Some pieces of legislation still require a bit of work, and even then their futures are uncertain.

This year the House’s top priority bill, a constitutional amendment allowing local-option sales taxes on specific projects, has been stymied in the Senate due to concerns with the enabling legislation.

Senate President Robert Stivers said he and others support the constitutional amendment, which would go on the ballot in 2016, but are worried about “a perceived utility tax that would be very tough on industrial consumers.”

“But I understand from proponents that that could be drafted out,” Stivers, R-Manchester, told reporters Friday. “… As this continues to get scrutiny, there still tends to be a lot of questions.”

The state’s declining gas tax receipts could also be addressed by a conference committee, even though neither chamber has passed a bill on the issue.

Sen. Ernie Harris introduced a bill to raise the floor of the average wholesale price of gasoline, on which the state’s gas tax is set, to its level Jan. 1. That would essentially maintain the current rate ahead of an expected 5.1-cent drop in the gas tax April 1 and a more than 30 percent decline in funds directed to local governments for routine maintenance, he said.

Lawmakers have argued over which chamber should take up the gas tax proposal first, but Harris, a Prospect Republican and chairman of the Senate Transportation Committee, called resolving the matter this session “critical” to protect the road fund.

He expects a conference committee will take up the declining gas tax rate before the General Assembly adjourns this year.

“I’m confident that we will deal with it at some time in some way,” Harris said. “I’m just not sure how it’s going to happen yet.”

House Democrats and Beshear proposed a solution during last year’s budget-writing session, offering to raise the floor of the gas tax.

Republicans balked at the proposal and even used the proposal with minimal success in last year’s election cycle, but something similar may reemerge this year as legislators take up shrinking gas tax receipts in conference committee, said Rep. Rick Rand, chairman of the House Appropriations and Revenue Committee.

Rand, D-Bedford, said the onus will be on the Senate in developing a plan that can clear both chambers, adding that the House “can get behind whatever the Senate can pass.”

“If it came down to a conference-type thing where there’s a negotiation, I wouldn’t want to go into that with any sort of predetermined lines drawn in the sand,” he said. “It would be something that, you know, I’d be willing to look at and talk about and figure out what we could do together.”

“Paging Dr. Kevorkian”

A few bills have already met Death’s sickle. Senate bills on right-to-work and excluding public school construction projects from prevailing wage laws were voted down in a House committee while a House bill banning smoking indoors in public places was sent to a Senate committee where it may die without a hearing.

Many refrain from outright declaring a piece of legislation dead until lawmakers adjourn sine die, but prospects are exceedingly dim for bills that haven’t been heard once by a committee.

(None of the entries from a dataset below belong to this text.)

(* Let $x$ and $y$ be finite sequences of strings and $\lambda\ge0$. The tree $T^\ast$ built by $\textsc{BuildBifurcation}(x,y,\lambda)$ satisfies $\mathrm{error}_\lambda(T^\ast)\le\mathsf{EDG}(x,y,\lambda)$.
   Context: Strings are over a finite alphabet; $\varepsilon$ is the empty string and $\mathsf{ED}$ is Levenshtein edit distance (unit costs). $\mathsf{AED}(x,y)$ for string sequences is the minimum cost of transforming $x$ into $y$ using only inserting a string $w$ into $x$ (cost $\mathsf{ED}(w,\varepsilon)$) and substituting a string $w$ of $x$ by $w'$ (cost $\mathsf{ED}(w,w')$), with no deletions (defined only if $|x|\le|y|$). A labeled summary tree of $\{x,y\}$ is a rooted tree with a sentinel root, other nodes labeled by strings, with $x$ and $y$ assigned to nodes $v_x,v_y$; $L_T(v)$ is the label sequence on the root-to-$v$ path excluding the sentinel; $|T|$ counts non-sentinel nodes; $\mathrm{error}_\lambda(T)=\mathsf{AED}(x,L_T(v_x))+\mathsf{AED}(y,L_T(v_y))+\lambda|T|$. $\mathsf{EDG}(i,j,\lambda)$ ($1\le i\le|x|+1$, $1\le j\le|y|+1$): $\mathsf{EDG}(|x|+1,|y|+1,\lambda)=0$, $\mathsf{EDG}(i,|y|+1,\lambda)=\lambda(|x|-i+1)$, $\mathsf{EDG}(|x|+1,j,\lambda)=\lambda(|y|-j+1)$, and otherwise the minimum of $\mathsf{EDG}(i+1,j+1,\lambda)+\lambda+\mathsf{ED}(x_i,y_j)$, $\mathsf{EDG}(i,j+1,\lambda)+\lambda+\mathsf{ED}(\varepsilon,y_j)$, $\mathsf{EDG}(i+1,j,\lambda)+\lambda+\mathsf{ED}(x_i,\varepsilon)$, and $\lambda(|x|-i+1)+\lambda(|y|-j+1)$ (give up); $\mathsf{EDG}(x,y,\lambda)=\mathsf{EDG}(1,1,\lambda)$. $\textsc{BuildBifurcation}(x,y,\lambda)$ builds a tree recursively following an optimal choice in this recurrence: both empty gives the empty tree; insertion of $y_1$ (or $x$ empty) gives a node labeled $y_1$ above $\textsc{BuildBifurcation}(x,y_{2..|y|},\lambda)$; deletion of $x_1$ (or $y$ empty) gives a node labeled $x_1$ above $\textsc{BuildBifurcation}(x_{2..|x|},y,\lambda)$; substitution gives a node labeled $x_1$ above $\textsc{BuildBifurcation}(x_{2..|x|},y_{2..|y|},\lambda)$; give up places two disjoint paths labeled successively by the remaining strings of $x$ and of $y$. The sequence $x$ (resp. $y$) is mapped to the node created for its last string. *)

theory Defs
  imports Main "HOL.Real"
begin

fun ED :: "'a list \<Rightarrow> 'a list \<Rightarrow> nat" where
  "ED [] ys = length ys"
| "ED (a # xs) [] = length (a # xs)"
| "ED (a # xs) (b # ys) =
     min (min (ED xs ys + (if a = b then 0 else 1)) (ED xs (b # ys) + 1)) (ED (a # xs) ys + 1)"

inductive aed_reach :: "'a list list \<Rightarrow> 'a list list \<Rightarrow> nat \<Rightarrow> bool" where
  refl: "aed_reach x x 0"
| ins: "aed_reach x z c \<Longrightarrow> i \<le> length z \<Longrightarrow>
          aed_reach x (take i z @ w # drop i z) (c + ED w [])"
| subst: "aed_reach x z c \<Longrightarrow> i < length z \<Longrightarrow>
          aed_reach x (z[i := w]) (c + ED (z ! i) w)"

text \<open>AED is defined (only) when length x \<le> length y; then the set below is nonempty
  and Inf is its least element.\<close>

definition AED :: "'a list list \<Rightarrow> 'a list list \<Rightarrow> nat" where
  "AED x y = Inf {c. aed_reach x y c}"

text \<open>A labeled summary tree is represented by the forest of subtrees of the sentinel
  root. Nodes are addressed by paths of child indices; the empty path is the sentinel.\<close>

datatype 'a ltree = LNode (label: "'a list") (children: "'a ltree list")

fun tsize :: "'a ltree \<Rightarrow> nat" where
  "tsize (LNode l cs) = Suc (sum_list (map tsize cs))"

definition fsize :: "'a ltree list \<Rightarrow> nat" where
  "fsize F = sum_list (map tsize F)"

fun path_labels :: "'a ltree list \<Rightarrow> nat list \<Rightarrow> 'a list list" where
  "path_labels F [] = []"
| "path_labels F (i # p) = label (F ! i) # path_labels (children (F ! i)) p"

definition error :: "real \<Rightarrow> 'a list list \<Rightarrow> 'a list list \<Rightarrow> 'a ltree list \<Rightarrow> nat list \<Rightarrow> nat list \<Rightarrow> real" where
  "error lam x y F vx vy =
     real (AED x (path_labels F vx)) + real (AED y (path_labels F vy)) + lam * real (fsize F)"

fun EDG :: "'a list list \<Rightarrow> 'a list list \<Rightarrow> real \<Rightarrow> real" where
  "EDG [] [] lam = 0"
| "EDG (a # xs) [] lam = lam * real (length (a # xs))"
| "EDG [] (b # ys) lam = lam * real (length (b # ys))"
| "EDG (a # xs) (b # ys) lam =
     min (min (EDG xs ys lam + lam + real (ED a b))
              (EDG (a # xs) ys lam + lam + real (ED [] b)))
         (min (EDG xs (b # ys) lam + lam + real (ED a []))
              (lam * real (length (a # xs)) + lam * real (length (b # ys))))"

fun chain :: "'a list list \<Rightarrow> 'a ltree list" where
  "chain [] = []"
| "chain (s # ss) = [LNode s (chain ss)]"

text \<open>build_bif x y lam (F, vx, vy): (F, vx, vy) is a tree (forest below the sentinel)
  with the nodes vx, vy, obtainable by BuildBifurcation following some optimal choice.\<close>

inductive build_bif :: "'a list list \<Rightarrow> 'a list list \<Rightarrow> real \<Rightarrow> 'a ltree list \<times> nat list \<times> nat list \<Rightarrow> bool" where
  empty: "build_bif [] [] lam ([], [], [])"
| insert: "build_bif x ys lam (F, px, py) \<Longrightarrow>
      x = [] \<or> EDG x (b # ys) lam = EDG x ys lam + lam + real (ED [] b) \<Longrightarrow>
      build_bif x (b # ys) lam ([LNode b F], if x = [] then [] else 0 # px, 0 # py)"
| delete: "build_bif xs y lam (F, px, py) \<Longrightarrow>
      y = [] \<or> EDG (a # xs) y lam = EDG xs y lam + lam + real (ED a []) \<Longrightarrow>
      build_bif (a # xs) y lam ([LNode a F], 0 # px, if y = [] then [] else 0 # py)"
| substitute: "build_bif xs ys lam (F, px, py) \<Longrightarrow>
      EDG (a # xs) (b # ys) lam = EDG xs ys lam + lam + real (ED a b) \<Longrightarrow>
      build_bif (a # xs) (b # ys) lam ([LNode a F], 0 # px, 0 # py)"
| giveup: "EDG (a # xs) (b # ys) lam =
        lam * real (length (a # xs)) + lam * real (length (b # ys)) \<Longrightarrow>
      build_bif (a # xs) (b # ys) lam
        ([hd (chain (a # xs)), hd (chain (b # ys))],
         replicate (length (a # xs)) 0, 1 # replicate (length ys) 0)"

end

theory Submission
  imports Defs
begin

text \<open>Every choice that places a node
  pays \<open>\<lambda>\<close> for it and extends the edit scripts of the remaining suffixes by one insertion or
  substitution whose cost is exactly the edit-distance term of the recurrence; giving up
  copies the remaining strings verbatim at cost \<open>\<lambda>(|x| + |y|)\<close>. Since AED is the least cost
  of an edit script, the error of the tree is at most the recurrence value.\<close>

lemma ED_Nil_right [simp]: "ED xs [] = length xs"
  by (cases xs) auto

lemma ED_sym: "ED xs ys = ED ys xs"
  by (induction xs ys rule: ED.induct) (auto simp: min.commute min.left_commute)

lemma EDG_Nil_left: "EDG [] ys lam = lam * real (length ys)"
  by (cases ys) auto

lemma EDG_Nil_right: "EDG xs [] lam = lam * real (length xs)"
  by (cases xs) auto

lemma aed_reach_length_le: "aed_reach x z c \<Longrightarrow> length x \<le> length z"
  by (induction rule: aed_reach.induct) auto

lemma AED_le: "aed_reach x z c \<Longrightarrow> AED x z \<le> c"
  unfolding AED_def Inf_nat_def by (rule Least_le) simp

lemma aed_reach_Cons: "aed_reach x z c \<Longrightarrow> aed_reach (a # x) (a # z) c"
proof (induction rule: aed_reach.induct)
  case (refl x)
  show ?case by (rule aed_reach.refl)
next
  case (ins x z c i w)
  have "aed_reach (a # x) (take (Suc i) (a # z) @ w # drop (Suc i) (a # z)) (c + ED w [])"
    by (rule aed_reach.ins) (use ins in auto)
  then show ?case by simp
next
  case (subst x z c i w)
  have "aed_reach (a # x) ((a # z)[Suc i := w]) (c + ED ((a # z) ! Suc i) w)"
    by (rule aed_reach.subst) (use subst in auto)
  then show ?case by simp
qed

lemma aed_reach_insert_Cons: "aed_reach x z c \<Longrightarrow> aed_reach x (w # z) (c + length w)"
  using aed_reach.ins[of x z c 0 w] by simp

lemma aed_reach_subst_Cons: "aed_reach x z c \<Longrightarrow> aed_reach (a # x) (w # z) (c + ED a w)"
  using aed_reach.subst[OF aed_reach_Cons, of x z c 0 a w] by simp

lemma fsize_Nil [simp]: "fsize [] = 0"
  by (simp add: fsize_def)

lemma fsize_Cons_LNode [simp]: "fsize (LNode l cs # F) = Suc (fsize cs + fsize F)"
  by (simp add: fsize_def)

lemma fsize_chain: "fsize (chain s) = length s"
  by (induction s) auto

lemma path_labels_chain: "path_labels (chain s) (replicate (length s) 0) = s"
  by (induction s) auto

text \<open>AED is an infimum, so the induction carries explicit edit scripts together with a bound
  on their total cost plus \<open>\<lambda>|T|\<close>.\<close>

definition scripts_within ::
    "real \<Rightarrow> 'a list list \<Rightarrow> 'a list list \<Rightarrow> 'a ltree list \<Rightarrow> nat list \<Rightarrow> nat list \<Rightarrow> real \<Rightarrow> bool"
  where "scripts_within lam x y F vx vy e \<longleftrightarrow>
    (\<exists>cx cy. aed_reach x (path_labels F vx) cx \<and> aed_reach y (path_labels F vy) cy
       \<and> real cx + real cy + lam * real (fsize F) \<le> e)"

lemma scripts_withinI:
  "aed_reach x (path_labels F vx) cx \<Longrightarrow> aed_reach y (path_labels F vy) cy \<Longrightarrow>
    real cx + real cy + lam * real (fsize F) \<le> e \<Longrightarrow> scripts_within lam x y F vx vy e"
  unfolding scripts_within_def by blast

lemma scripts_withinE:
  assumes "scripts_within lam x y F vx vy e"
  obtains cx cy where "aed_reach x (path_labels F vx) cx" "aed_reach y (path_labels F vy) cy"
    "real cx + real cy + lam * real (fsize F) \<le> e"
  using assms unfolding scripts_within_def by blast

lemma scripts_within_swap:
  "scripts_within lam x y F vx vy e \<longleftrightarrow> scripts_within lam y x F vy vx e"
  unfolding scripts_within_def by (metis add.commute)

lemma error_le_if_scripts_within:
  assumes "scripts_within lam x y F vx vy e"
  shows "length x \<le> length (path_labels F vx) \<and> length y \<le> length (path_labels F vy)
    \<and> error lam x y F vx vy \<le> e"
proof -
  obtain cx cy where x: "aed_reach x (path_labels F vx) cx" and y: "aed_reach y (path_labels F vy) cy"
    and e: "real cx + real cy + lam * real (fsize F) \<le> e"
    using assms by (rule scripts_withinE)
  have "real (AED x (path_labels F vx)) \<le> cx" "real (AED y (path_labels F vy)) \<le> cy"
    using AED_le[OF x] AED_le[OF y] by simp_all
  with e show ?thesis
    using aed_reach_length_le[OF x] aed_reach_length_le[OF y] unfolding error_def by linarith
qed

lemma scripts_within_Nil: "scripts_within lam [] [] [] [] [] 0"
  by (rule scripts_withinI[where cx = 0 and cy = 0]) (simp_all add: aed_reach.refl)

lemma scripts_within_subst:
  assumes "scripts_within lam xs ys F px py e"
  shows "scripts_within lam (a # xs) (b # ys) [LNode a F] (0 # px) (0 # py) (e + lam + ED a b)"
proof -
  obtain cx cy where x: "aed_reach xs (path_labels F px) cx"
    and y: "aed_reach ys (path_labels F py) cy"
    and e: "real cx + real cy + lam * real (fsize F) \<le> e"
    using assms by (rule scripts_withinE)
  show ?thesis
  proof (rule scripts_withinI)
    show "aed_reach (a # xs) (path_labels [LNode a F] (0 # px)) cx"
      using aed_reach_Cons[OF x] by simp
    show "aed_reach (b # ys) (path_labels [LNode a F] (0 # py)) (cy + ED a b)"
      using aed_reach_subst_Cons[OF y, of b a] by (simp add: ED_sym[of b a])
    show "real cx + real (cy + ED a b) + lam * real (fsize [LNode a F]) \<le> e + lam + ED a b"
      using e by (simp add: algebra_simps)
  qed
qed

lemma scripts_within_insert:
  assumes "scripts_within lam x ys F px py e"
  shows "scripts_within lam x (b # ys) [LNode b F] (0 # px) (0 # py) (e + lam + ED [] b)"
proof -
  obtain cx cy where "aed_reach x (path_labels F px) cx" "aed_reach ys (path_labels F py) cy"
    and "real cx + real cy + lam * real (fsize F) \<le> e"
    using assms by (rule scripts_withinE)
  then show ?thesis
    by (intro scripts_withinI[where cx = "cx + length b" and cy = cy])
      (simp_all add: aed_reach_Cons aed_reach_insert_Cons algebra_simps)
qed

lemma scripts_within_insert_Nil:
  assumes "scripts_within lam [] ys F px py e"
  shows "scripts_within lam [] (b # ys) [LNode b F] [] (0 # py) (e + lam)"
proof -
  obtain cx cy where "aed_reach ys (path_labels F py) cy"
    and "real cx + real cy + lam * real (fsize F) \<le> e"
    using assms by (rule scripts_withinE)
  then show ?thesis
    by (intro scripts_withinI[where cx = 0 and cy = cy])
      (auto simp: aed_reach.refl aed_reach_Cons algebra_simps)
qed

lemma scripts_within_delete:
  "scripts_within lam xs y F px py e \<Longrightarrow>
    scripts_within lam (a # xs) y [LNode a F] (0 # px) (0 # py) (e + lam + ED a [])"
  using scripts_within_insert[of lam y xs F py px e a] by (simp add: scripts_within_swap)

lemma scripts_within_delete_Nil:
  "scripts_within lam xs [] F px py e \<Longrightarrow>
    scripts_within lam (a # xs) [] [LNode a F] (0 # px) [] (e + lam)"
  using scripts_within_insert_Nil[of lam xs F py px e a] by (simp add: scripts_within_swap)

lemma scripts_within_giveup:
  "scripts_within lam (a # xs) (b # ys) [LNode a (chain xs), LNode b (chain ys)]
    (replicate (length (a # xs)) 0) (1 # replicate (length ys) 0)
    (lam * real (length (a # xs)) + lam * real (length (b # ys)))"
  by (rule scripts_withinI[where cx = 0 and cy = 0])
    (simp_all add: aed_reach.refl path_labels_chain fsize_chain algebra_simps)

lemma build_bif_scripts_within:
  "build_bif x y lam (F, vx, vy) \<Longrightarrow> scripts_within lam x y F vx vy (EDG x y lam)"
proof (induction x y lam "(F, vx, vy)" arbitrary: F vx vy rule: build_bif.induct)
  case (empty lam)
  show ?case using scripts_within_Nil by simp
next
  case (insert x ys lam F px py b)
  have IH: "scripts_within lam x ys F px py (EDG x ys lam)" by fact
  show ?case
  proof (cases "x = []")
    case True
    then show ?thesis
      using scripts_within_insert_Nil[OF IH[unfolded True], of b]
      by (simp add: EDG_Nil_left algebra_simps)
  next
    case False
    with insert have "EDG x (b # ys) lam = EDG x ys lam + lam + real (ED [] b)" by simp
    then show ?thesis using scripts_within_insert[OF IH, of b] False by simp
  qed
next
  case (delete xs y lam F px py a)
  have IH: "scripts_within lam xs y F px py (EDG xs y lam)" by fact
  show ?case
  proof (cases "y = []")
    case True
    then show ?thesis
      using scripts_within_delete_Nil[OF IH[unfolded True], of a]
      by (simp add: EDG_Nil_right algebra_simps)
  next
    case False
    with delete have "EDG (a # xs) y lam = EDG xs y lam + lam + real (ED a [])" by simp
    then show ?thesis using scripts_within_delete[OF IH, of a] False by simp
  qed
next
  case (substitute xs ys lam F px py a b)
  have IH: "scripts_within lam xs ys F px py (EDG xs ys lam)" by fact
  have "EDG (a # xs) (b # ys) lam = EDG xs ys lam + lam + real (ED a b)" by fact
  then show ?case using scripts_within_subst[OF IH] by (simp only:)
next
  case (giveup a xs b ys lam)
  have "EDG (a # xs) (b # ys) lam = lam * real (length (a # xs)) + lam * real (length (b # ys))"
    by fact
  then show ?case using scripts_within_giveup by (simp only: chain.simps list.sel)
qed

theorem lemma9:
  fixes x y :: "'a list list" and lam :: real
    and F :: "'a ltree list" and vx vy :: "nat list"
  assumes "lam \<ge> 0"
    and "build_bif x y lam (F, vx, vy)"
  shows "length x \<le> length (path_labels F vx)
       \<and> length y \<le> length (path_labels F vy)
       \<and> error lam x y F vx vy \<le> EDG x y lam"
  using error_le_if_scripts_within[OF build_bif_scripts_within[OF assms(2)]] .

end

House Speaker Greg Stumbo’s pitch for $3.3 billion in bonds to shore up the Kentucky Teachers’ Retirement System also faces a grim outlook. Stumbo, D-Prestonsburg, has said the plan will take advantage of low interest rates and give the state an eight-year window to implement a long-term funding strategy.

Stivers said the Senate will likely push to study the pension system further during this year’s interim and recommend systemic changes to put KTRS on better footing, similar to the process the legislature followed in enacting reforms for the Kentucky Retirement Systems in 2013.

“It’s not a good policy to borrow money to get yourself out of one debt to place yourself in debt to another group,” he said, noting he hopes to keep the system sound “in perpetuity.”

Pure Politics reporter Don Weber contributed to this report.